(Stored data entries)
(* Let $p\geq 1$ be an integer and let $\mathcal{K}_p$ be the integral operator on $L^2([-1,1])$ given by $\mathcal{K}_p[h](x)=\int_{-1}^1\mathcal{G}_p(x,y)h(y)\,dy$, where $\mathcal{G}_p(x,y)=\int_{-1}^1 \mathrm{ReLU}^p(z-x)\,\mathrm{ReLU}^p(z-y)\,dz$. Let $\mu_{1,p}>\mu_{2,p}>\cdots$ be the eigenvalues of $\mathcal{K}_p$ in descending order, with corresponding eigenfunctions $\varphi_{k,p}$ (so $\mathcal{K}_p[\varphi_{k,p}]=\mu_{k,p}\varphi_{k,p}$). Then, as $k\to+\infty$, $$\mu_{k,p}=\mathcal{O}\big(k^{-(2p+2)}\big).$$
   Context: $\mathrm{ReLU}^p(z)=(\max\{0,z\})^p$. The operator $\mathcal{K}_p$ is a compact self-adjoint operator on $L^2([-1,1])$ with positive eigenvalues. *)

theory Defs
  imports "HOL-Analysis.Analysis" "HOL-Library.Landau_Symbols"
begin

definition relu_pow :: "nat \<Rightarrow> real \<Rightarrow> real" where
  "relu_pow p z = (max 0 z) ^ p"

definition G_kernel :: "nat \<Rightarrow> real \<Rightarrow> real \<Rightarrow> real" where
  "G_kernel p x y = (LINT z:{-1..1}|lborel. relu_pow p (z - x) * relu_pow p (z - y))"

definition K_op :: "nat \<Rightarrow> (real \<Rightarrow> real) \<Rightarrow> real \<Rightarrow> real" where
  "K_op p h x = (LINT y:{-1..1}|lborel. G_kernel p x y * h y)"

definition L2_interval :: "(real \<Rightarrow> real) set" where
  "L2_interval = {h. h \<in> borel_measurable lborel \<and> set_integrable lborel {-1..1} (\<lambda>x. (h x)^2)}"

definition is_eigenvalue_K :: "nat \<Rightarrow> real \<Rightarrow> bool" where
  "is_eigenvalue_K p m \<longleftrightarrow>
     (\<exists>h \<in> L2_interval.
        \<not> (AE x in lborel. x \<in> {-1..1} \<longrightarrow> h x = 0) \<and>
        (AE x in lborel. x \<in> {-1..1} \<longrightarrow> K_op p h x = m * h x))"

end

theory Submission
  imports Defs
begin

(* Writing T h (z) = \<integral> ReLU^p(z - y) h(y) dy over [-1,1], the definition of G_p gives K_p = T* T,
   so <K_p h, g> = <T h, T g>: eigenvalues are nonnegative and eigenfunctions of distinct
   eigenvalues are orthogonal. Cut [-1,1] into N intervals [c_b, c_(b+1)] of length 2/N. Some
   nontrivial combination v of the first (p+1)N + 1 eigenfunctions satisfies the (p+1)N linear
   conditions \<integral>_[-1,c_b) y^l v(y) dy = 0 (b < N, l \<le> p). As ReLU^p(z - y) = (z - y)^p is a
   polynomial of degree p in y for y \<le> z, for z in [c_b, c_(b+1)] the value T v (z) only depends
   on v on [c_b, z], and Cauchy-Schwarz yields |T v|^2 \<le> (2/N)^(2p+2) |v|^2. Orthogonality gives
   |T v|^2 = \<Sum> c_i^2 \<mu>_i |h_i|^2 \<ge> \<mu>_((p+1)N) |v|^2, hence \<mu>_((p+1)N) \<le> (2/N)^(2p+2),
   and monotonicity of \<mu> gives the rate. *)

lemma sum_sum_eq_diagonal:
  assumes "finite I" and "\<And>i j. i \<in> I \<Longrightarrow> j \<in> I \<Longrightarrow> i \<noteq> j \<Longrightarrow> g i j = 0"
  shows "(\<Sum>i\<in>I. \<Sum>j\<in>I. g i j) = (\<Sum>i\<in>I. g i i)"
proof (rule sum.cong[OF refl])
  fix i
  assume i: "i \<in> I"
  have "(\<Sum>j\<in>I. g i j) = (\<Sum>j\<in>I. if j = i then g i i else 0)"
    by (rule sum.cong[OF refl]) (use assms(2) i in auto)
  also have "\<dots> = g i i"
    using assms(1) i by (simp add: sum.delta)
  finally show "(\<Sum>j\<in>I. g i j) = g i i" .
qed

lemma homogeneous_linear_system_nontrivial_solution:
  fixes a :: "'j \<Rightarrow> 'i \<Rightarrow> real"
  assumes "finite C" "finite I" "card C < card I"
  shows "\<exists>c. (\<exists>i\<in>I. c i \<noteq> 0) \<and> (\<forall>j\<in>C. (\<Sum>i\<in>I. a j i * c i) = 0)"
  using assms
proof (induction C arbitrary: I a rule: finite_induct)
  case empty
  then obtain i where "i \<in> I"
    by fastforce
  then show ?case
    by (intro exI[of _ "\<lambda>k. if k = i then 1 else 0"]) auto
next
  case (insert j C)
  show ?case
  proof (cases "\<forall>i\<in>I. a j i = 0")
    case True
    then show ?thesis
      using insert.IH[of I a] insert.prems insert.hyps by auto
  next
    case False
    then obtain i0 where i0: "i0 \<in> I" "a j i0 \<noteq> 0"
      by auto
    define I' where "I' = I - {i0}"
    \<comment> \<open>Gaussian elimination of the unknown \<open>c i0\<close> by means of equation \<open>j\<close>.\<close>
    define a' where "a' = (\<lambda>k i. a k i - a k i0 * a j i / a j i0)"
    have "card C < card I'"
      using insert.prems insert.hyps i0 unfolding I'_def by auto
    then obtain c' where c': "\<exists>i\<in>I'. c' i \<noteq> 0" "\<forall>k\<in>C. (\<Sum>i\<in>I'. a' k i * c' i) = 0"
      using insert.IH[of I' a'] insert.prems unfolding I'_def by auto
    define c where "c = (\<lambda>i. if i = i0 then - (\<Sum>i\<in>I'. a j i * c' i) / a j i0 else c' i)"
    have split: "(\<Sum>i\<in>I. f i * c i) = f i0 * c i0 + (\<Sum>i\<in>I'. f i * c' i)" for f
    proof -
      have "(\<Sum>i\<in>I. f i * c i) = f i0 * c i0 + (\<Sum>i\<in>I'. f i * c i)"
        unfolding I'_def using i0 insert.prems by (simp add: sum.remove)
      moreover have "(\<Sum>i\<in>I'. f i * c i) = (\<Sum>i\<in>I'. f i * c' i)"
        by (rule sum.cong) (auto simp: c_def I'_def)
      ultimately show ?thesis
        by simp
    qed
    have "(\<Sum>i\<in>I. a k i * c i) = 0" if "k \<in> C" for k
    proof -
      have "(\<Sum>i\<in>I'. a' k i * c' i) = (\<Sum>i\<in>I'. a k i * c' i) + a k i0 * c i0"
        unfolding a'_def c_def
        by (simp add: sum_subtractf sum_distrib_left algebra_simps sum_divide_distrib)
      then show ?thesis
        using c'(2) that unfolding split by simp
    qed
    moreover have "(\<Sum>i\<in>I. a j i * c i) = 0"
      unfolding split using i0 by (simp add: c_def)
    moreover have "\<exists>i\<in>I. c i \<noteq> 0"
      using c' by (auto simp: c_def I'_def)
    ultimately show ?thesis
      by blast
  qed
qed

lemma set_integrable_sum:
  fixes f :: "'i \<Rightarrow> 'a \<Rightarrow> real"
  assumes "\<And>i. i \<in> I \<Longrightarrow> set_integrable M A (f i)"
  shows "set_integrable M A (\<lambda>x. \<Sum>i\<in>I. f i x)"
  using assms unfolding set_integrable_def
  by (simp add: sum_distrib_left Bochner_Integration.integrable_sum)

lemma set_integral_sum:
  fixes f :: "'i \<Rightarrow> 'a \<Rightarrow> real"
  assumes "\<And>i. i \<in> I \<Longrightarrow> set_integrable M A (f i)"
  shows "(LINT x:A|M. (\<Sum>i\<in>I. f i x)) = (\<Sum>i\<in>I. LINT x:A|M. f i x)"
  using assms unfolding set_integrable_def set_lebesgue_integral_def
  by (simp add: sum_distrib_left Bochner_Integration.integral_sum)

lemma set_integrable_bounded_mult:
  fixes \<phi> f :: "real \<Rightarrow> real"
  assumes [measurable]: "A \<in> sets borel" "\<phi> \<in> borel_measurable borel" "f \<in> borel_measurable borel"
    and bound: "\<And>x. x \<in> A \<Longrightarrow> \<bar>\<phi> x\<bar> \<le> B" and f: "set_integrable lborel A f"
  shows "set_integrable lborel A (\<lambda>x. \<phi> x * f x)"
proof (rule set_integrable_bound[where f = "\<lambda>x. B * f x"])
  show "set_integrable lborel A (\<lambda>x. B * f x)"
    using f by simp
  show "set_borel_measurable lborel A (\<lambda>x. \<phi> x * f x)"
    unfolding set_borel_measurable_def by measurable
  have "\<bar>\<phi> x\<bar> * \<bar>f x\<bar> \<le> \<bar>B\<bar> * \<bar>f x\<bar>" if "x \<in> A" for x
    using bound[OF that] by (intro mult_right_mono) auto
  then show "AE x in lborel. x \<in> A \<longrightarrow> norm (\<phi> x * f x) \<le> norm (B * f x)"
    by (auto simp: abs_mult)
qed

lemma set_integrable_bounded_Icc:
  fixes \<phi> :: "real \<Rightarrow> real"
  assumes "\<phi> \<in> borel_measurable borel" and "\<And>x. x \<in> {a..b} \<Longrightarrow> \<bar>\<phi> x\<bar> \<le> B"
  shows "set_integrable lborel {a..b} \<phi>"
proof -
  have "set_integrable lborel {a..b} (\<lambda>x. \<phi> x * 1)"
    using assms by (intro set_integrable_bounded_mult borel_integrable_atLeastAtMost') auto
  then show ?thesis
    by simp
qed

lemma set_integral_Icc_partition:
  fixes f :: "real \<Rightarrow> real" and t :: "nat \<Rightarrow> real"
  assumes f: "set_integrable lborel {t 0..t N} f" and t: "\<And>b. b < N \<Longrightarrow> t b \<le> t (Suc b)"
  shows "(LINT x:{t 0..t N}|lborel. f x) = (\<Sum>b<N. LINT x:{t b..t (Suc b)}|lborel. f x)"
proof -
  have t_mono: "t a \<le> t b" if "a \<le> b" "b \<le> N" for a b
    using that t by (induction b rule: dec_induct) (auto intro: order_trans)
  have sub: "set_integrable lborel {t a..t b} f" if "a \<le> b" "b \<le> N" for a b
    using that t_mono by (intro set_integrable_subset[OF f]) auto
  have "integral {t 0..t k} f = (\<Sum>b<k. integral {t b..t (Suc b)} f)" if "k \<le> N" for k
    using that
  proof (induction k)
    case (Suc k)
    have "f integrable_on {t 0..t (Suc k)}"
      using set_borel_integral_eq_integral(1)[OF sub] Suc.prems by simp
    then have "integral {t 0..t k} f + integral {t k..t (Suc k)} f = integral {t 0..t (Suc k)} f"
      using Suc.prems t_mono t by (intro Henstock_Kurzweil_Integration.integral_combine) auto
    then show ?case
      using Suc by simp
  qed simp
  then show ?thesis
    using set_borel_integral_eq_integral(2)[OF sub] by simp
qed

lemma set_integral_abs_square_le:
  fixes v :: "real \<Rightarrow> real"
  assumes cd: "c < d" and abs_int: "set_integrable lborel {c..d} (\<lambda>y. \<bar>v y\<bar>)"
    and square_int: "set_integrable lborel {c..d} (\<lambda>y. v y * v y)"
  shows "(LINT y:{c..d}|lborel. \<bar>v y\<bar>)\<^sup>2 \<le> (d - c) * (LINT y:{c..d}|lborel. v y * v y)"
proof -
  define A where "A = (LINT y:{c..d}|lborel. \<bar>v y\<bar>)"
  define S where "S = (LINT y:{c..d}|lborel. v y * v y)"
  define t where "t = A / (d - c)"
  have "0 \<le> (LINT y:{c..d}|lborel. (\<bar>v y\<bar> - t) * (\<bar>v y\<bar> - t))"
    unfolding set_lebesgue_integral_def
    by (intro Bochner_Integration.integral_nonneg) (auto simp: indicator_def)
  also have "\<dots> = (LINT y:{c..d}|lborel. (v y * v y - 2 * t * \<bar>v y\<bar>) + t * t)"
    by (simp add: algebra_simps abs_mult_self_eq)
  also have "\<dots> = S - 2 * t * A + t * t * (d - c)"
    using abs_int square_int cd
    by (simp add: set_integral_const borel_integrable_atLeastAtMost' S_def A_def)
  also have "\<dots> = S - A * A / (d - c)"
    using cd by (simp add: t_def power2_eq_square divide_simps)
  finally show ?thesis
    using cd by (simp add: A_def S_def field_simps power2_eq_square)
qed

WORK REQUIRED ->
Reproduce the entries above exactly, but only the lines between the line holding "of equation \<open>j\<close>.\<close>" and the line holding "by (rule sum.cong)", inclusive.

REPLY TO THE TASK ->
    \<comment> \<open>Gaussian elimination of the unknown \<open>c i0\<close> by means of equation \<open>j\<close>.\<close>
    define a' where "a' = (\<lambda>k i. a k i - a k i0 * a j i / a j i0)"
    have "card C < card I'"
      using insert.prems insert.hyps i0 unfolding I'_def by auto
    then obtain c' where c': "\<exists>i\<in>I'. c' i \<noteq> 0" "\<forall>k\<in>C. (\<Sum>i\<in>I'. a' k i * c' i) = 0"
      using insert.IH[of I' a'] insert.prems unfolding I'_def by auto
    define c where "c = (\<lambda>i. if i = i0 then - (\<Sum>i\<in>I'. a j i * c' i) / a j i0 else c' i)"
    have split: "(\<Sum>i\<in>I. f i * c i) = f i0 * c i0 + (\<Sum>i\<in>I'. f i * c' i)" for f
    proof -
      have "(\<Sum>i\<in>I. f i * c i) = f i0 * c i0 + (\<Sum>i\<in>I'. f i * c i)"
        unfolding I'_def using i0 insert.prems by (simp add: sum.remove)
      moreover have "(\<Sum>i\<in>I'. f i * c i) = (\<Sum>i\<in>I'. f i * c' i)"
        by (rule sum.cong) (auto simp: c_def I'_def)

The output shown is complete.